### [What is required]
Please print out every entry below, verbatim.

### [Records for the task]
(* Let $\omega_p\in(-\pi,\pi)\setminus\{0\}$ and let $f_c(z)=\frac{\alpha_cz^2+\beta_cz+1}{z^2+\beta_cz+\alpha_c}$ with real $\alpha_c,\beta_c$ such that $f_c$ is stable with a pair of non-real complex-conjugate poles (equivalently $0<\alpha_c<1$ and $\beta_c^2<4\alpha_c$). Then there exist real $\alpha_r,\beta_r$ such that $f_r(z)=\frac{\alpha_rz^2+\beta_rz+1}{z^2+\beta_rz+\alpha_r}$ is stable with two real poles (equivalently $|\alpha_r|<1$, $|\beta_r|<\alpha_r+1$, $\beta_r^2\ge4\alpha_r$), and $$\theta_{f_c}(\omega_p)=\theta_{f_r}(\omega_p)\ (\mathrm{mod}\ 2\pi)\quad\text{and}\quad\theta_{f_c}'(\omega_p)<\theta_{f_r}'(\omega_p).$$
   Context: Stable means all poles in the open unit disk; such $f_c,f_r$ are all-pass with $|f(e^{j\omega})|=1$ for all $\omega$. $\theta_f(\omega):=\angle f(e^{j\omega})$ is a continuous choice of argument and $\theta_f'(\omega)$ its derivative with respect to $\omega$. *)

theory Defs
  imports "HOL-Analysis.Analysis"
begin

definition allpass2 :: "real \<Rightarrow> real \<Rightarrow> complex \<Rightarrow> complex" where
  "allpass2 a b z = (of_real a * z^2 + of_real b * z + 1) / (z^2 + of_real b * z + of_real a)"

definition poles2 :: "real \<Rightarrow> real \<Rightarrow> complex set" where
  "poles2 a b = {z. z^2 + of_real b * z + of_real a = 0}"

definition stable2 :: "real \<Rightarrow> real \<Rightarrow> bool" where
  "stable2 a b \<longleftrightarrow> (\<forall>z\<in>poles2 a b. norm z < 1)"

definition nonreal_poles2 :: "real \<Rightarrow> real \<Rightarrow> bool" where
  "nonreal_poles2 a b \<longleftrightarrow> (\<forall>z\<in>poles2 a b. Im z \<noteq> 0)"

definition real_poles2 :: "real \<Rightarrow> real \<Rightarrow> bool" where
  "real_poles2 a b \<longleftrightarrow> (\<forall>z\<in>poles2 a b. Im z = 0)"

definition cont_arg :: "(complex \<Rightarrow> complex) \<Rightarrow> (real \<Rightarrow> real) \<Rightarrow> bool" where
  "cont_arg f \<theta> \<longleftrightarrow> continuous_on UNIV \<theta> \<and>
     (\<forall>\<omega>. f (cis \<omega>) = of_real (norm (f (cis \<omega>))) * cis (\<theta> \<omega>))"

end

theory Submission
  imports Defs
begin

text \<open>Both all-pass sections have unimodular frequency response \<open>cnj E / E\<close> on the unit
  circle, with \<open>E\<close> an explicit trigonometric factor, so their phase derivatives are
  \<open>-2 Im (E' / E)\<close>. Scaling the parameters as
  \<open>\<alpha> = 1 - \<mu> (1 - \<alpha>\<^sub>c)\<close>, \<open>\<beta> = \<mu> (2 cos \<omega>\<^sub>p + \<beta>\<^sub>c) - 2 cos \<omega>\<^sub>p\<close>
  multiplies \<open>E(\<omega>\<^sub>p)\<close> by \<open>\<mu> > 0\<close>, so the phase at \<open>\<omega>\<^sub>p\<close> is unchanged, while
  the phase derivative grows by \<open>4 (\<mu> - 1) (1 - \<alpha>\<^sub>c) sin\<^sup>2 \<omega>\<^sub>p / (\<mu> |E(\<omega>\<^sub>p)|\<^sup>2)\<close>.
  The discriminant \<open>\<beta>\<^sup>2 - 4 \<alpha>\<close> is negative for \<open>\<mu> = 1\<close>; at its larger root
  \<open>\<mu> > 1\<close> the scaled section has a stable double real pole.\<close>

lemma continuous_arg_has_real_derivative:
  fixes g :: "real \<Rightarrow> complex" and \<theta> :: "real \<Rightarrow> real"
  assumes cont: "continuous_on UNIV \<theta>"
    and polar: "\<And>x. g x = of_real (norm (g x)) * cis (\<theta> x)"
    and nz: "\<And>x. g x \<noteq> 0"
    and D: "(g has_vector_derivative g') (at w)"
  shows "(\<theta> has_real_derivative Im (g' / g w)) (at w)"
proof -
  define S where "S = \<theta> -` {\<theta> w - pi <..< \<theta> w + pi}"
  have S_open: "open S" unfolding S_def
    using continuous_on_open_vimage[of UNIV \<theta>] cont by auto
  have w_in_S: "w \<in> S" unfolding S_def by simp
  \<comment> \<open>on \<open>S\<close> the continuous argument differs from \<open>\<theta> w\<close> by the principal argument\<close>
  have local_lift: "\<theta> w + Im (Ln (g x / g w)) = \<theta> x" if "x \<in> S" for x
  proof -
    have r: "norm (g x) / norm (g w) > 0" using nz by simp
    have "g x / g w = rcis (norm (g x) / norm (g w)) (\<theta> x - \<theta> w)"
      apply (subst polar[of x], subst polar[of w])
      using nz[of w] by (simp add: rcis_def cis_divide[symmetric] field_simps)
    then have "Arg (g x / g w) = \<theta> x - \<theta> w"
      using that r by (intro Arg_unique') (auto simp: S_def)
    then show ?thesis using nz by (simp add: Arg_eq_Im_Ln)
  qed
  have "((\<lambda>x. \<theta> w + Im (Ln (g x / g w))) has_real_derivative Im (g' / g w)) (at w)"
  proof -
    have D1: "((\<lambda>x. g x / g w) has_vector_derivative (g' / g w)) (at w)"
      using D by (auto intro!: derivative_eq_intros)
    have "(Ln has_field_derivative 1) (at ((\<lambda>x. g x / g w) w))"
      using nz[of w] has_field_derivative_Ln[of 1] by (simp add: complex_nonpos_Reals_iff)
    from field_vector_diff_chain_at[OF D1 this]
    have "((\<lambda>x. Ln (g x / g w)) has_vector_derivative g' / g w) (at w)"
      by (simp add: o_def)
    then show ?thesis
      using DERIV_add[OF DERIV_const[of "\<theta> w"] has_field_derivative_Im] by simp
  qed
  then show ?thesis
    by (rule has_field_derivative_transform_within_open[OF _ S_open w_in_S local_lift])
qed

### [Response to the task]
(* Let $\omega_p\in(-\pi,\pi)\setminus\{0\}$ and let $f_c(z)=\frac{\alpha_cz^2+\beta_cz+1}{z^2+\beta_cz+\alpha_c}$ with real $\alpha_c,\beta_c$ such that $f_c$ is stable with a pair of non-real complex-conjugate poles (equivalently $0<\alpha_c<1$ and $\beta_c^2<4\alpha_c$). Then there exist real $\alpha_r,\beta_r$ such that $f_r(z)=\frac{\alpha_rz^2+\beta_rz+1}{z^2+\beta_rz+\alpha_r}$ is stable with two real poles (equivalently $|\alpha_r|<1$, $|\beta_r|<\alpha_r+1$, $\beta_r^2\ge4\alpha_r$), and $$\theta_{f_c}(\omega_p)=\theta_{f_r}(\omega_p)\ (\mathrm{mod}\ 2\pi)\quad\text{and}\quad\theta_{f_c}'(\omega_p)<\theta_{f_r}'(\omega_p).$$
   Context: Stable means all poles in the open unit disk; such $f_c,f_r$ are all-pass with $|f(e^{j\omega})|=1$ for all $\omega$. $\theta_f(\omega):=\angle f(e^{j\omega})$ is a continuous choice of argument and $\theta_f'(\omega)$ its derivative with respect to $\omega$. *)

theory Defs
  imports "HOL-Analysis.Analysis"
begin

definition allpass2 :: "real \<Rightarrow> real \<Rightarrow> complex \<Rightarrow> complex" where
  "allpass2 a b z = (of_real a * z^2 + of_real b * z + 1) / (z^2 + of_real b * z + of_real a)"

definition poles2 :: "real \<Rightarrow> real \<Rightarrow> complex set" where
  "poles2 a b = {z. z^2 + of_real b * z + of_real a = 0}"

definition stable2 :: "real \<Rightarrow> real \<Rightarrow> bool" where
  "stable2 a b \<longleftrightarrow> (\<forall>z\<in>poles2 a b. norm z < 1)"

definition nonreal_poles2 :: "real \<Rightarrow> real \<Rightarrow> bool" where
  "nonreal_poles2 a b \<longleftrightarrow> (\<forall>z\<in>poles2 a b. Im z \<noteq> 0)"

definition real_poles2 :: "real \<Rightarrow> real \<Rightarrow> bool" where
  "real_poles2 a b \<longleftrightarrow> (\<forall>z\<in>poles2 a b. Im z = 0)"

definition cont_arg :: "(complex \<Rightarrow> complex) \<Rightarrow> (real \<Rightarrow> real) \<Rightarrow> bool" where
  "cont_arg f \<theta> \<longleftrightarrow> continuous_on UNIV \<theta> \<and>
     (\<forall>\<omega>. f (cis \<omega>) = of_real (norm (f (cis \<omega>))) * cis (\<theta> \<omega>))"

end

theory Submission
  imports Defs
begin

text \<open>Both all-pass sections have unimodular frequency response \<open>cnj E / E\<close> on the unit
  circle, with \<open>E\<close> an explicit trigonometric factor, so their phase derivatives are
  \<open>-2 Im (E' / E)\<close>. Scaling the parameters as
  \<open>\<alpha> = 1 - \<mu> (1 - \<alpha>\<^sub>c)\<close>, \<open>\<beta> = \<mu> (2 cos \<omega>\<^sub>p + \<beta>\<^sub>c) - 2 cos \<omega>\<^sub>p\<close>
  multiplies \<open>E(\<omega>\<^sub>p)\<close> by \<open>\<mu> > 0\<close>, so the phase at \<open>\<omega>\<^sub>p\<close> is unchanged, while
  the phase derivative grows by \<open>4 (\<mu> - 1) (1 - \<alpha>\<^sub>c) sin\<^sup>2 \<omega>\<^sub>p / (\<mu> |E(\<omega>\<^sub>p)|\<^sup>2)\<close>.
  The discriminant \<open>\<beta>\<^sup>2 - 4 \<alpha>\<close> is negative for \<open>\<mu> = 1\<close>; at its larger root
  \<open>\<mu> > 1\<close> the scaled section has a stable double real pole.\<close>

lemma continuous_arg_has_real_derivative:
  fixes g :: "real \<Rightarrow> complex" and \<theta> :: "real \<Rightarrow> real"
  assumes cont: "continuous_on UNIV \<theta>"
    and polar: "\<And>x. g x = of_real (norm (g x)) * cis (\<theta> x)"
    and nz: "\<And>x. g x \<noteq> 0"
    and D: "(g has_vector_derivative g') (at w)"
  shows "(\<theta> has_real_derivative Im (g' / g w)) (at w)"
proof -
  define S where "S = \<theta> -` {\<theta> w - pi <..< \<theta> w + pi}"
  have S_open: "open S" unfolding S_def
    using continuous_on_open_vimage[of UNIV \<theta>] cont by auto
  have w_in_S: "w \<in> S" unfolding S_def by simp
  \<comment> \<open>on \<open>S\<close> the continuous argument differs from \<open>\<theta> w\<close> by the principal argument\<close>
  have local_lift: "\<theta> w + Im (Ln (g x / g w)) = \<theta> x" if "x \<in> S" for x
  proof -
    have r: "norm (g x) / norm (g w) > 0" using nz by simp
    have "g x / g w = rcis (norm (g x) / norm (g w)) (\<theta> x - \<theta> w)"
      apply (subst polar[of x], subst polar[of w])
      using nz[of w] by (simp add: rcis_def cis_divide[symmetric] field_simps)
    then have "Arg (g x / g w) = \<theta> x - \<theta> w"
      using that r by (intro Arg_unique') (auto simp: S_def)
    then show ?thesis using nz by (simp add: Arg_eq_Im_Ln)
  qed
  have "((\<lambda>x. \<theta> w + Im (Ln (g x / g w))) has_real_derivative Im (g' / g w)) (at w)"
  proof -
    have D1: "((\<lambda>x. g x / g w) has_vector_derivative (g' / g w)) (at w)"
      using D by (auto intro!: derivative_eq_intros)
    have "(Ln has_field_derivative 1) (at ((\<lambda>x. g x / g w) w))"
      using nz[of w] has_field_derivative_Ln[of 1] by (simp add: complex_nonpos_Reals_iff)
    from field_vector_diff_chain_at[OF D1 this]
    have "((\<lambda>x. Ln (g x / g w)) has_vector_derivative g' / g w) (at w)"
      by (simp add: o_def)
    then show ?thesis
      using DERIV_add[OF DERIV_const[of "\<theta> w"] has_field_derivative_Im] by simp
  qed
  then show ?thesis
    by (rule has_field_derivative_transform_within_open[OF _ S_open w_in_S local_lift])
qed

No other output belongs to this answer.